Knowing the tunes enhances the pleasure of this recording, since it's possible to observe how the distance between the core melody and the improvisation changes. Thomas and Klinefelter communicate their deepest feelings, playing for and to each other. These are tunes they have played for many years, and have changed over time. Says Klinefelter, "Rather than getting bored with a composition, the more familiar with it we become the more we see the deeper possibilities within it."

Thomas acknowledges the deep influence of Bill Evans in his musical thought and playing. The fact that the above description could be said of any number of Evans' trios is not coincidence, and is meant to be the highest tribute.

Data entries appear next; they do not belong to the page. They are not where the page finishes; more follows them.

text \<open>Every avoidance event is the decreasing limit of its finite-horizon truncations, and
  local extinction is the increasing limit of the events \<open>avoid (after n A)\<close>.\<close>

lemma multiplicative_avoid: "multiplicative \<mu> (avoid B)"
proof (rule multiplicative_limit)
  interpret prob_space "brw_space \<mu>" by (rule prob_space_brw_space)
  show "multiplicative \<mu> (avoid (truncate N B))" for N
    by (rule multiplicative_avoid_finite[of N]) (simp add: truncate_def)
  have "avoid B \<zeta> = (\<Inter>N. avoid (truncate N B) \<zeta>)" and "decseq (\<lambda>N. avoid (truncate N B) \<zeta>)" for \<zeta>
    by (auto simp: avoid_def truncate_def decseq_def)
  then show "(\<lambda>N. measure (brw_space \<mu>) (avoid (truncate N B) \<zeta>)) \<longlonglongrightarrow> measure (brw_space \<mu>) (avoid B \<zeta>)" for \<zeta>
    by (simp add: Lim_measure_decseq sets_avoid image_subset_iff)
qed

lemma tendsto_avoid_after:
  "(\<lambda>n. measure (brw_space \<mu>) (avoid (after n A) \<zeta>)) \<longlonglongrightarrow> measure (brw_space \<mu>) (local_ext A \<zeta>)"
proof -
  interpret prob_space "brw_space \<mu>" by (rule prob_space_brw_space)
  show ?thesis
    unfolding local_ext_def
    by (rule finite_Lim_measure_incseq) (auto simp: sets_avoid incseq_avoid_after)
qed

lemma multiplicative_local_ext: "multiplicative \<mu> (local_ext A)"
  by (rule multiplicative_limit[OF multiplicative_avoid tendsto_avoid_after])

lemma brw_qn_eq: "brw_qn \<mu> n x A = measure (brw_space \<mu>) (avoid (after n A) {#x#})"
proof -
  have "{\<omega> \<in> space (brw_space \<mu>). \<forall>k\<ge>Suc n. \<forall>y\<in>A. count (brw_gen x \<omega> k) y = 0} = avoid (after n A) {#x#}"
    by (auto simp: avoid_def after_def brw_gen_eq_brw_from Suc_le_eq simp del: brw_from.simps)
  then show ?thesis by (simp add: brw_qn_def)
qed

While "Blues for Zarathustra" can be heard as homage to Evan's legacy, that does not diminish its achievement. The longest track, "I Thought About You", easily bears repeated listens, exposing new features each time. This is the magic of Klinefelter and Thomas.
Budd Kopman - All About Jazz

Pianist Ron Thomas and bassist Paul Klinefelter had worked together for two decades by the time of this 2002 duo session, which shows in the music they produce throughout the date. While it may be a bit of a cliche to say that Thomas's playing style is descended in part from that of the late Bill Evans, his lyricism and long, thoughtful lines in the ballads like Evans' "Time Remembered" are unmistakable. Together with Klinefelter, the duo has the kind of musical E.S.P. that is somewhat rare in jazz, whoever is accompanying the other player always anticipates just where he is going. The intricate improvisation leading into Charlie Parker's "Yardbird Suite" is a treat, while the breezy samba setting of "Young and Foolish" nicely freshens an old chestnut. The pianist's deliberate "Blues For Zarathustra" leave the listener wanting more. Recommended.
Ken Dryden - All Music Guide

The music is emphatically post-Evans, with Klinefelter playing an active notey role as per the style. They have been playing these particular tunes since way back, so the notes say. It shows. Sometimes, as in "Yardbird Suite", they don't seem to bother with the head, and just dive into the improvisations, getting deeply inside the structure of the tune. Semi-lush chords, many blocked, an actively flowing line spinning (sometimes in the Bop mode) and some rhythmic displacements characterize Thomas' playing and he is good at it. "Blues for Zarathustra" finds Thomas and Klinefelter leaving the high point for last. They take the tempo at a crawl, modulate extensively until settling on a key center, and give one the spooky after hours feel of four a.m, at an empty club. It is very reflective, with great use of space, great voicings. Well done. For Evans' fans, this will give you something new and beyond to listen to. There's no doubt these two can deliver musically. And they do here.